Oath Inc., the parent company of Yahoo and AOL, recently announced that it has open sourced Bullet, a real-time query engine for large and complex data sources
Bullet is different than other data query engines. Bullet is a forward-looking query system with no persistence layer that makes it a light weight query system. Bullet uses look-forward query method so no need to repeat same queries again and again.
From the documentation:
Bullet is
- Is a real-time query engine that lets you run queries on very large data streams
- Does not use a a persistence layer. This makes it light-weight, cheap and fast
- Is a look-forward query system. Queries are submitted first and they operate on data that arrive after the query is submitted
- Supports rich queries for filtering and getting Raw data, Counting Distincts, Distincts, Grouping (Sum, Count, Min, Max, Avg), Distributions, and Top K
- Is multi-tenant and can scale for more queries and/or for more data
- Provides a UI and Web Service that are also pluggable for a full end-to-end solution to your querying needs
- Has an implementation on Storm currently.
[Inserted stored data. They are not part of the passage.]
lemma amalgamation_cofactors_in_preimage:
  assumes "ring A" "ring B" "f \<in> ring_hom A B" "ideal J B"
    and "regular_elem A s1" "regular_elem B \<sigma>" "s0 \<in> carrier A" "j0 \<in> carrier B"
    and "c \<in> carrier (amalgamation A B f J)"
    and r1: "r1 \<in> carrier (amalgamation A B f J)"
      "c \<otimes>\<^bsub>RDirProd A B\<^esub> (s0, j0) = (s1, \<sigma>) \<otimes>\<^bsub>RDirProd A B\<^esub> r1"
    and r2: "r2 \<in> carrier (amalgamation A B f J)"
      "c \<otimes>\<^bsub>RDirProd A B\<^esub> (s0, \<zero>\<^bsub>B\<^esub>) = (s1, \<sigma>) \<otimes>\<^bsub>RDirProd A B\<^esub> r2"
  shows "f (fst r1) \<in> J" "f (fst r2) \<in> J"
proof -
  interpret A: ring A by fact
  interpret B: ring B by fact
  interpret J: ideal J B by fact
  txt \<open>Regularity of \<open>\<sigma>\<close> kills the \<open>B\<close>-coordinate of \<open>r2\<close>, and regularity of \<open>s1\<close>
    makes \<open>r1\<close> and \<open>r2\<close> agree in the \<open>A\<close>-coordinate.\<close>
  note carrier_iff = amalgamation_carrier_iff[OF assms(2-4)]
  obtain \<gamma> \<delta> where c: "c = (\<gamma>, \<delta>)" "\<gamma> \<in> carrier A" "\<delta> \<in> carrier B"
    using assms(9) carrier_iff by (cases c) blast
  obtain \<rho>1 \<tau>1 where r1': "r1 = (\<rho>1, \<tau>1)" "\<rho>1 \<in> carrier A" "\<tau>1 \<in> carrier B"
    using r1(1) carrier_iff by (cases r1) blast
  obtain \<rho>2 \<tau>2 where r2': "r2 = (\<rho>2, \<tau>2)" "\<rho>2 \<in> carrier A" "\<tau>2 \<in> carrier B"
    "\<tau>2 \<ominus>\<^bsub>B\<^esub> f \<rho>2 \<in> J"
    using r2(1) carrier_iff by (cases r2) blast
  have "\<sigma> \<otimes>\<^bsub>B\<^esub> \<tau>2 = \<zero>\<^bsub>B\<^esub>" and eq2: "\<gamma> \<otimes>\<^bsub>A\<^esub> s0 = s1 \<otimes>\<^bsub>A\<^esub> \<rho>2"
    using r2(2) c r2' by simp_all
  then have "\<tau>2 = \<zero>\<^bsub>B\<^esub>"
    using assms(6) r2'(3) unfolding regular_elem_def by blast
  then have "\<ominus>\<^bsub>B\<^esub> f \<rho>2 \<in> J"
    using r2'(2,4) ring_hom_closed[OF assms(3)] by (simp add: B.minus_eq)
  then show f_\<rho>2: "f (fst r2) \<in> J"
    using J.a_inv_closed r2'(1,2) ring_hom_closed[OF assms(3)] by fastforce
  have "s1 \<otimes>\<^bsub>A\<^esub> \<rho>1 = s1 \<otimes>\<^bsub>A\<^esub> \<rho>2"
    using r1(2) c r1' eq2 by simp
  then have "\<rho>1 = \<rho>2"
    using A.regular_elem_cancel[OF assms(5) r1'(2) r2'(2)] by blast
  with f_\<rho>2 r1'(1) r2'(1) show "f (fst r1) \<in> J"
    by simp
qed

lemma ideal_amalgamation_preimage:
  assumes "ring (amalgamation A B f J)" "ring B" "f \<in> ring_hom A B" "ideal J B"
  shows "ideal {t \<in> carrier (amalgamation A B f J). f (fst t) \<in> J} (amalgamation A B f J)"
proof -
  let ?R = "amalgamation A B f J"
  have R_carrier: "carrier ?R \<subseteq> carrier A \<times> carrier B"
    using amalgamation_carrier_subset[OF assms(2-4)] by simp
  have "(\<lambda>t. f (fst t)) \<in> ring_hom ?R B"
  proof (rule ring_hom_memI)
    fix p q assume "p \<in> carrier ?R" "q \<in> carrier ?R"
    then obtain a b a' b' where "p = (a, b)" "q = (a', b')" "a \<in> carrier A" "a' \<in> carrier A"
      using R_carrier by blast
    then show "f (fst (p \<otimes>\<^bsub>?R\<^esub> q)) = f (fst p) \<otimes>\<^bsub>B\<^esub> f (fst q)"
      "f (fst (p \<oplus>\<^bsub>?R\<^esub> q)) = f (fst p) \<oplus>\<^bsub>B\<^esub> f (fst q)"
      by (simp_all add: ring_hom_mult[OF assms(3)] ring_hom_add[OF assms(3)])
  qed (use R_carrier ring_hom_closed[OF assms(3)] ring_hom_one[OF assms(3)] in auto)
  then show ?thesis
    by (rule ring_hom_ring.ideal_vimage[OF ring_hom_ringI2[OF assms(1,2)] assms(4)])
qed

lemma regular_fg_ideal_amalgamation:
  assumes "ring (amalgamation A B f J)" "ring A" "ring B" "f \<in> ring_hom A B" "ideal J B"
    and "s0 \<in> carrier A" "f s0 \<in> J" "regular_elem A s0" "j0 \<in> J" "regular_elem B j0"
  defines "G \<equiv> genideal (amalgamation A B f J) {(s0, j0), (s0, \<zero>\<^bsub>B\<^esub>)}"
  shows "fg_ideal (amalgamation A B f J) G" "regular_ideal (amalgamation A B f J) G"
proof -
  interpret R: ring "amalgamation A B f J" by fact
  have "(s0, j0) \<in> {a \<in> carrier A. f a \<in> J} \<times> J" "(s0, \<zero>\<^bsub>B\<^esub>) \<in> {a \<in> carrier A. f a \<in> J} \<times> J"
    using assms(6,7,9) ideal_zero_closed[OF assms(5)] by simp_all
  then have gens: "{(s0, j0), (s0, \<zero>\<^bsub>B\<^esub>)} \<subseteq> carrier (amalgamation A B f J)"
    using preimage_Times_subset_amalgamation[OF assms(3-5)] by blast
  then have G: "ideal G (amalgamation A B f J)" "{(s0, j0), (s0, \<zero>\<^bsub>B\<^esub>)} \<subseteq> G"
    unfolding G_def by (rule R.genideal_ideal, rule R.genideal_self)
  show "fg_ideal (amalgamation A B f J) G"
    unfolding fg_ideal_def using G(1) gens by (intro conjI exI[of _ "{(s0, j0), (s0, \<zero>\<^bsub>B\<^esub>)}"]) (simp_all add: G_def)
  have "regular_elem (RDirProd A B) (s0, j0)"
    unfolding regular_elem_RDirProd_iff[OF assms(2,3)] using assms(8,10) ..
  then have "regular_elem (amalgamation A B f J) (s0, j0)"
    using gens by (intro regular_elem_amalgamationI[OF assms(3-5)]) simp_all
  then show "regular_ideal (amalgamation A B f J) G"
    using G unfolding regular_ideal_def by blast
qed

lemma pruefer_ring_amalgamationD:
  assumes "cring A" "cring B" "f \<in> ring_hom A B" "ideal J B"
    and "regular_ideal A {a \<in> carrier A. f a \<in> J}" "regular_ideal B J"
    and "pruefer_ring (amalgamation A B f J)"
  shows "J = carrier B"
proof -
  define R where "R = amalgamation A B f J"
  interpret A: cring A by fact
  interpret B: cring B by fact
  interpret J: ideal J B by fact
  interpret R: cring R
    using assms(7) unfolding pruefer_ring_def R_def by blast
  note hyps = B.ring_axioms assms(3,4)
  obtain s0 where s0: "s0 \<in> carrier A" "f s0 \<in> J" "regular_elem A s0"
    using assms(5) unfolding regular_ideal_def by blast
  obtain j0 where j0: "j0 \<in> J" "regular_elem B j0"
    using assms(6) unfolding regular_ideal_def by blast
  define K where "K = {t \<in> carrier R. f (fst t) \<in> J}"
  have K: "ideal K R"
    unfolding K_def R_def by (rule ideal_amalgamation_preimage[OF R.ring_axioms[unfolded R_def] hyps])
  define g1 g2 where "g1 = (s0, j0)" and "g2 = (s0, \<zero>\<^bsub>B\<^esub>)"
  define G where "G = genideal R {g1, g2}"
  have "g1 \<in> {a \<in> carrier A. f a \<in> J} \<times> J" "g2 \<in> {a \<in> carrier A. f a \<in> J} \<times> J"
    using s0(1,2) j0(1) ideal_zero_closed[OF assms(4)] unfolding g1_def g2_def by simp_all
  then have gens_carrier: "{g1, g2} \<subseteq> carrier R"
    using preimage_Times_subset_amalgamation[OF hyps] unfolding R_def by blast
  then have gens: "{g1, g2} \<subseteq> G"
    unfolding G_def by (rule R.genideal_self)
  note G = regular_fg_ideal_amalgamation[OF R.ring_axioms[unfolded R_def] A.ring_axioms hyps s0 j0]
  have "invertible_ideal R G"
    using assms(7) G unfolding pruefer_ring_def R_def G_def g1_def g2_def by blast
  then have "K = carrier R"
  proof (rule R.invertible_ideal_product_subset_imp_carrier[OF _ K])
    fix s c x
    assume s: "regular_elem R s" and c: "c \<in> carrier R"
      and cG: "\<forall>y \<in> G. \<exists>r \<in> carrier R. c \<otimes>\<^bsub>R\<^esub> y = s \<otimes>\<^bsub>R\<^esub> r" and "x \<in> G"
    obtain s1 \<sigma> where s_eq: "s = (s1, \<sigma>)"
      by (cases s)
    have reg: "regular_elem A s1" "regular_elem B \<sigma>"
      using regular_elem_amalgamation_fst[OF assms(1) hyps assms(5)]
        regular_elem_amalgamation_snd[OF A.ring_axioms assms(2-4,6)] s
      unfolding s_eq R_def by blast+
    define L where "L = {y \<in> carrier R. c \<otimes>\<^bsub>R\<^esub> y \<in> (\<otimes>\<^bsub>R\<^esub>) s ` K}"
    have "s \<in> carrier R"
      using s unfolding regular_elem_def by blast
    then have L: "ideal L R"
      unfolding L_def by (rule ideal.helper_max_prime[OF R.ideal_scaled[OF _ K] R.is_cring c])
    obtain r1 r2 where r1: "r1 \<in> carrier R" "c \<otimes>\<^bsub>R\<^esub> g1 = s \<otimes>\<^bsub>R\<^esub> r1"
      and r2: "r2 \<in> carrier R" "c \<otimes>\<^bsub>R\<^esub> g2 = s \<otimes>\<^bsub>R\<^esub> r2"
      using cG gens by blast
    have "f (fst r1) \<in> J" "f (fst r2) \<in> J"
      using amalgamation_cofactors_in_preimage[OF A.ring_axioms hyps reg s0(1) J.Icarr[OF j0(1)]]
        c r1 r2 unfolding R_def g1_def g2_def s_eq by simp_all
    then have "{g1, g2} \<subseteq> L"
      using gens_carrier r1 r2 unfolding L_def K_def by auto
    then have "G \<subseteq> L"
      unfolding G_def by (rule R.genideal_minimal[OF L])
    with \<open>x \<in> G\<close> show "c \<otimes>\<^bsub>R\<^esub> x \<in> (\<otimes>\<^bsub>R\<^esub>) s ` K"
      unfolding L_def by blast
  qed
  then have "\<one>\<^bsub>R\<^esub> \<in> K"
    by simp
  then have "\<one>\<^bsub>B\<^esub> \<in> J"
    using ring_hom_one[OF assms(3)] unfolding K_def R_def by simp
  then show ?thesis
    by (rule J.one_imp_carrier)
qed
There are plans to implement it on other Stream Processors.
- Is pluggable. Any data source that can be read from Storm can be converted into a standard data container letting you query that data. Data is typed
- Is used at scale and in production at Yahoo with running 500+ queries simultaneously on 200,000 rps (records per second) and tested up to 2,000,000 rps
Bullet is now available on Github.